**Problem to solve**
Where a line contains the word "define", copy that line from the records below.

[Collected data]
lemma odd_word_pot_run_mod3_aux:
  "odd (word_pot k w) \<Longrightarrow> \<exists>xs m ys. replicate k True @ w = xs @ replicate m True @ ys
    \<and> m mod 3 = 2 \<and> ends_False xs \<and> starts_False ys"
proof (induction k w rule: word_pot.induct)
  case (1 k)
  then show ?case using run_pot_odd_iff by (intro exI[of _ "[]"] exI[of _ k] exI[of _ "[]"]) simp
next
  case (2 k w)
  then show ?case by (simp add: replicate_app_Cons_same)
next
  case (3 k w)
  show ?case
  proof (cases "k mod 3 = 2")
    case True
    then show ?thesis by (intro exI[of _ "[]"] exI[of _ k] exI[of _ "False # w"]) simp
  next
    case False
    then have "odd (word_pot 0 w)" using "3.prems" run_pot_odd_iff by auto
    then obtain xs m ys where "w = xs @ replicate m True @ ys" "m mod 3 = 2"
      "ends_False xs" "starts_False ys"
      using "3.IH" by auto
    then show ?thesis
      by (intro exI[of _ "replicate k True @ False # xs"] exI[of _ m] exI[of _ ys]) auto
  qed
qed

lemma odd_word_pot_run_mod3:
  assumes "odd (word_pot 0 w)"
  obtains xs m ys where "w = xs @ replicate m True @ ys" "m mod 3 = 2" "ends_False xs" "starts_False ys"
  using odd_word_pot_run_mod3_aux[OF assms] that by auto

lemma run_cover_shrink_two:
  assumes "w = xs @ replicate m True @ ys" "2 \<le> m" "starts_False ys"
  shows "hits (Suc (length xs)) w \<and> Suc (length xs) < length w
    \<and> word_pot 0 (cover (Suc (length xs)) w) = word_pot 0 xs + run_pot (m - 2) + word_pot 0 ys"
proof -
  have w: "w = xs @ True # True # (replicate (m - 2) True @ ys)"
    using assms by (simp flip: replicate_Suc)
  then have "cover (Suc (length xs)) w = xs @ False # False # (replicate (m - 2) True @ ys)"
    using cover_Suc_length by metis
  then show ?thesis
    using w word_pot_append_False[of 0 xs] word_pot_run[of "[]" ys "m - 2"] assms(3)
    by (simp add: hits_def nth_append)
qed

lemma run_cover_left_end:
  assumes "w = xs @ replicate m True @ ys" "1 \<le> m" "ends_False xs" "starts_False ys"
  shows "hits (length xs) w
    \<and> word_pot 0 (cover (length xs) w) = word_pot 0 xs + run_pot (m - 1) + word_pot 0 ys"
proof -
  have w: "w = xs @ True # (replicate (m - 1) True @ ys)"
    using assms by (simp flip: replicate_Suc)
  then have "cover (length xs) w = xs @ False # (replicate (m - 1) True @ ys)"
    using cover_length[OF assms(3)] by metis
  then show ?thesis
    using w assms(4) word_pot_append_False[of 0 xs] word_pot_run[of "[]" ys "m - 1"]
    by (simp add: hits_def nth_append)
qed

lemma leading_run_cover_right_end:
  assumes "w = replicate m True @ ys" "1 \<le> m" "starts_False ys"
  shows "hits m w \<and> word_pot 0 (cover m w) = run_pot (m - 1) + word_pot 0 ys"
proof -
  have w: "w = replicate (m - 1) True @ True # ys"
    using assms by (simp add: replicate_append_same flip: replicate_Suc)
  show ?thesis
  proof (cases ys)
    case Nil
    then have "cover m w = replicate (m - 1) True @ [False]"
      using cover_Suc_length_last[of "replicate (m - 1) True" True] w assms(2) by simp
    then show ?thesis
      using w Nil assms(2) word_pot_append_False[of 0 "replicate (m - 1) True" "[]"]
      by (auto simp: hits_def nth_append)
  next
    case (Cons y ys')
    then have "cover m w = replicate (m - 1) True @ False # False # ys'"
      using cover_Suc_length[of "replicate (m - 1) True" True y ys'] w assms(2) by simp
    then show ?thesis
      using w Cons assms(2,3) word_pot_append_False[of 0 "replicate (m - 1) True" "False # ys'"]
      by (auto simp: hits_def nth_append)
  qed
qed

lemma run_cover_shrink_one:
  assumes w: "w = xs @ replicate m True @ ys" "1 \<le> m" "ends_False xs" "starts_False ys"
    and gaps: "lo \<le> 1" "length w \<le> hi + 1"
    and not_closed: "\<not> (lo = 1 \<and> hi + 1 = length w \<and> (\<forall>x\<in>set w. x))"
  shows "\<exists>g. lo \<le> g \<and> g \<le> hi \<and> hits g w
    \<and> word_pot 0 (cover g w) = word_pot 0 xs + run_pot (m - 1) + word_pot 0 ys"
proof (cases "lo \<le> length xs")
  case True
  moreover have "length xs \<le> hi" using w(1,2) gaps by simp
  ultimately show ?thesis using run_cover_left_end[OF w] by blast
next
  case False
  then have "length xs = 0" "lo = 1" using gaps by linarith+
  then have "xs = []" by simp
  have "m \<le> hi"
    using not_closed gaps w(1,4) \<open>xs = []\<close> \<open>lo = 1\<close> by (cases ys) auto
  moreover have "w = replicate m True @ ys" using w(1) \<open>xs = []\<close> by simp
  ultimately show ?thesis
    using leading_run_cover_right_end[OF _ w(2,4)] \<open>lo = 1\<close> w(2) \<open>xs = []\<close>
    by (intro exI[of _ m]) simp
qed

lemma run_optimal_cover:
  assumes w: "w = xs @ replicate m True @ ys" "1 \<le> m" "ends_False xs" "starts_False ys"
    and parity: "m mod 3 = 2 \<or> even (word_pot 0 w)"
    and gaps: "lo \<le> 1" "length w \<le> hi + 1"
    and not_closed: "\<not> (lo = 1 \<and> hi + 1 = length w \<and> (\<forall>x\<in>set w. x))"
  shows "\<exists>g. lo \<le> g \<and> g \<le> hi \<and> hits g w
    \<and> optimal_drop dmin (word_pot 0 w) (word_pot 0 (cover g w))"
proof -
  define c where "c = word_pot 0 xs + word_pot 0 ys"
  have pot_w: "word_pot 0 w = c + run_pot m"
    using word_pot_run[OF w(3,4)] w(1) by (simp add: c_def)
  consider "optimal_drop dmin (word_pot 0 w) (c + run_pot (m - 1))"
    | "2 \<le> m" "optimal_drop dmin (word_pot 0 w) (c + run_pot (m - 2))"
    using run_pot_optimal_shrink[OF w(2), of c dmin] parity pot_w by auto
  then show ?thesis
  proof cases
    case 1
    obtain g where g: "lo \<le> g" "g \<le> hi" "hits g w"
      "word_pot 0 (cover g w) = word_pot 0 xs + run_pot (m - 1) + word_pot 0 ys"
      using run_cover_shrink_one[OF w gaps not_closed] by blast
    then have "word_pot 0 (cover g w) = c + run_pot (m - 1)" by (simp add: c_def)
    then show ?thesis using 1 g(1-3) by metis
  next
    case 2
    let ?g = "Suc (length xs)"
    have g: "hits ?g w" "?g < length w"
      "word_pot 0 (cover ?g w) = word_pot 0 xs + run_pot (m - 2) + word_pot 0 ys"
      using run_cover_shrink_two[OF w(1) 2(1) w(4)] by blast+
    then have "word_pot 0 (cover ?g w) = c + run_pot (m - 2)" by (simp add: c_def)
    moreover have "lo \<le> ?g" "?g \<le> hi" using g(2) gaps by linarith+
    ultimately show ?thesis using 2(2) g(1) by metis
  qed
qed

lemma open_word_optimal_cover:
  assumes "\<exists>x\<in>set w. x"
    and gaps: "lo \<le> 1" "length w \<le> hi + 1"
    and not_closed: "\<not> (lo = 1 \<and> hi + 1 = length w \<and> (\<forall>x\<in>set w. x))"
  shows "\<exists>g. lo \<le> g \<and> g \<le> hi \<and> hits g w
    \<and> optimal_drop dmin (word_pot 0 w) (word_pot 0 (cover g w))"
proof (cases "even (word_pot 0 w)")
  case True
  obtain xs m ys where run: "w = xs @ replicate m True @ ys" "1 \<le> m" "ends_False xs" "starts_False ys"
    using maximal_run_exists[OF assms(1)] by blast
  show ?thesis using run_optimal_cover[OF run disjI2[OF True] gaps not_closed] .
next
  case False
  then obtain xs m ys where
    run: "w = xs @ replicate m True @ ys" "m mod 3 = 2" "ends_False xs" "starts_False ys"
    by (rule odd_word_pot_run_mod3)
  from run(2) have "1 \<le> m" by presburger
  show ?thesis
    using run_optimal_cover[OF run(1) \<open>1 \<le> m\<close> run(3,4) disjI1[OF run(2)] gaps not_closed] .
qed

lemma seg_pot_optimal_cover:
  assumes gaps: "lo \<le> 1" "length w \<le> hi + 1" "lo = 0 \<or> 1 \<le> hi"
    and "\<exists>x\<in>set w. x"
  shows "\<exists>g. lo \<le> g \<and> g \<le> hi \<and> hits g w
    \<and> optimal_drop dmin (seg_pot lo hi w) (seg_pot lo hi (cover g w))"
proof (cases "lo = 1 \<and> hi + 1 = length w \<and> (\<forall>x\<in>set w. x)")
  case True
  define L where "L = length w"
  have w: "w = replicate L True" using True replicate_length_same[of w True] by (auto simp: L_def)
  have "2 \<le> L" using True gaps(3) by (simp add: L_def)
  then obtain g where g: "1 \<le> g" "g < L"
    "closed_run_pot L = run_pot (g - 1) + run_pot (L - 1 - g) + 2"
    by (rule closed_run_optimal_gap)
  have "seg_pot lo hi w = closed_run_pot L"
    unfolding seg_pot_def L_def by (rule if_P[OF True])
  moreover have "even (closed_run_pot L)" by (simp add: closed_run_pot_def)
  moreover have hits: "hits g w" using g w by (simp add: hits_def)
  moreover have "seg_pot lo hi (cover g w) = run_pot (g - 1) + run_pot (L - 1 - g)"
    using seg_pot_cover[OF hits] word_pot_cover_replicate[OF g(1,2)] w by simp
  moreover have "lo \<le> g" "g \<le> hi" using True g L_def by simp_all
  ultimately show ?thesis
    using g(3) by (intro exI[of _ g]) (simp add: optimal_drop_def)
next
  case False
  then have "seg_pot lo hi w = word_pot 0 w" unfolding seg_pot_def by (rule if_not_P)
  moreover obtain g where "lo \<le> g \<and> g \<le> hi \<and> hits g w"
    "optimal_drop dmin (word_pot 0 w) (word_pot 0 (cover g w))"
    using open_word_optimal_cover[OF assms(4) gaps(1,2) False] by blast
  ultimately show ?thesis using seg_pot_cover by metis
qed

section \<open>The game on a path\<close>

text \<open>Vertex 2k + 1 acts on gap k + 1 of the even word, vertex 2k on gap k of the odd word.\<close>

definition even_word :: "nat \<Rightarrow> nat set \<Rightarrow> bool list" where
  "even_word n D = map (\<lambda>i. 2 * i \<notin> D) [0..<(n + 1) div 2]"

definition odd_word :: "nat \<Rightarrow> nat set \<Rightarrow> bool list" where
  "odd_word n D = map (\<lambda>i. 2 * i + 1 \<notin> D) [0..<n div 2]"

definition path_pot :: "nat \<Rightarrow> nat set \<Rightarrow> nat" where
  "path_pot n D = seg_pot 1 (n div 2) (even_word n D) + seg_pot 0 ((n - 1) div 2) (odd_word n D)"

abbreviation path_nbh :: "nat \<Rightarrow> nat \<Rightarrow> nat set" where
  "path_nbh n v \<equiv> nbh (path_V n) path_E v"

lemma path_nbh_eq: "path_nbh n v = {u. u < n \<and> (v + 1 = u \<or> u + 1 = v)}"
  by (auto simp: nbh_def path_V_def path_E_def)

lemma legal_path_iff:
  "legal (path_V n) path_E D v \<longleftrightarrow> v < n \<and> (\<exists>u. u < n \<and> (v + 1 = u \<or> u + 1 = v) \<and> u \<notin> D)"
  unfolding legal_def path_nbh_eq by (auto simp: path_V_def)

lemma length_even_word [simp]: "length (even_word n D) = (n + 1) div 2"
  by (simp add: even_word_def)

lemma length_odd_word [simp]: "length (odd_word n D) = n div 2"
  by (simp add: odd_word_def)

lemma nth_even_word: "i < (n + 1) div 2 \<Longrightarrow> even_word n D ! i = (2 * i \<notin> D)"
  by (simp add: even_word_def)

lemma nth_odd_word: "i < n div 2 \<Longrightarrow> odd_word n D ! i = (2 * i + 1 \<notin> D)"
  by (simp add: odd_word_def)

**Answer for the task**
  define c where "c = word_pot 0 xs + word_pot 0 ys"
  define L where "L = length w"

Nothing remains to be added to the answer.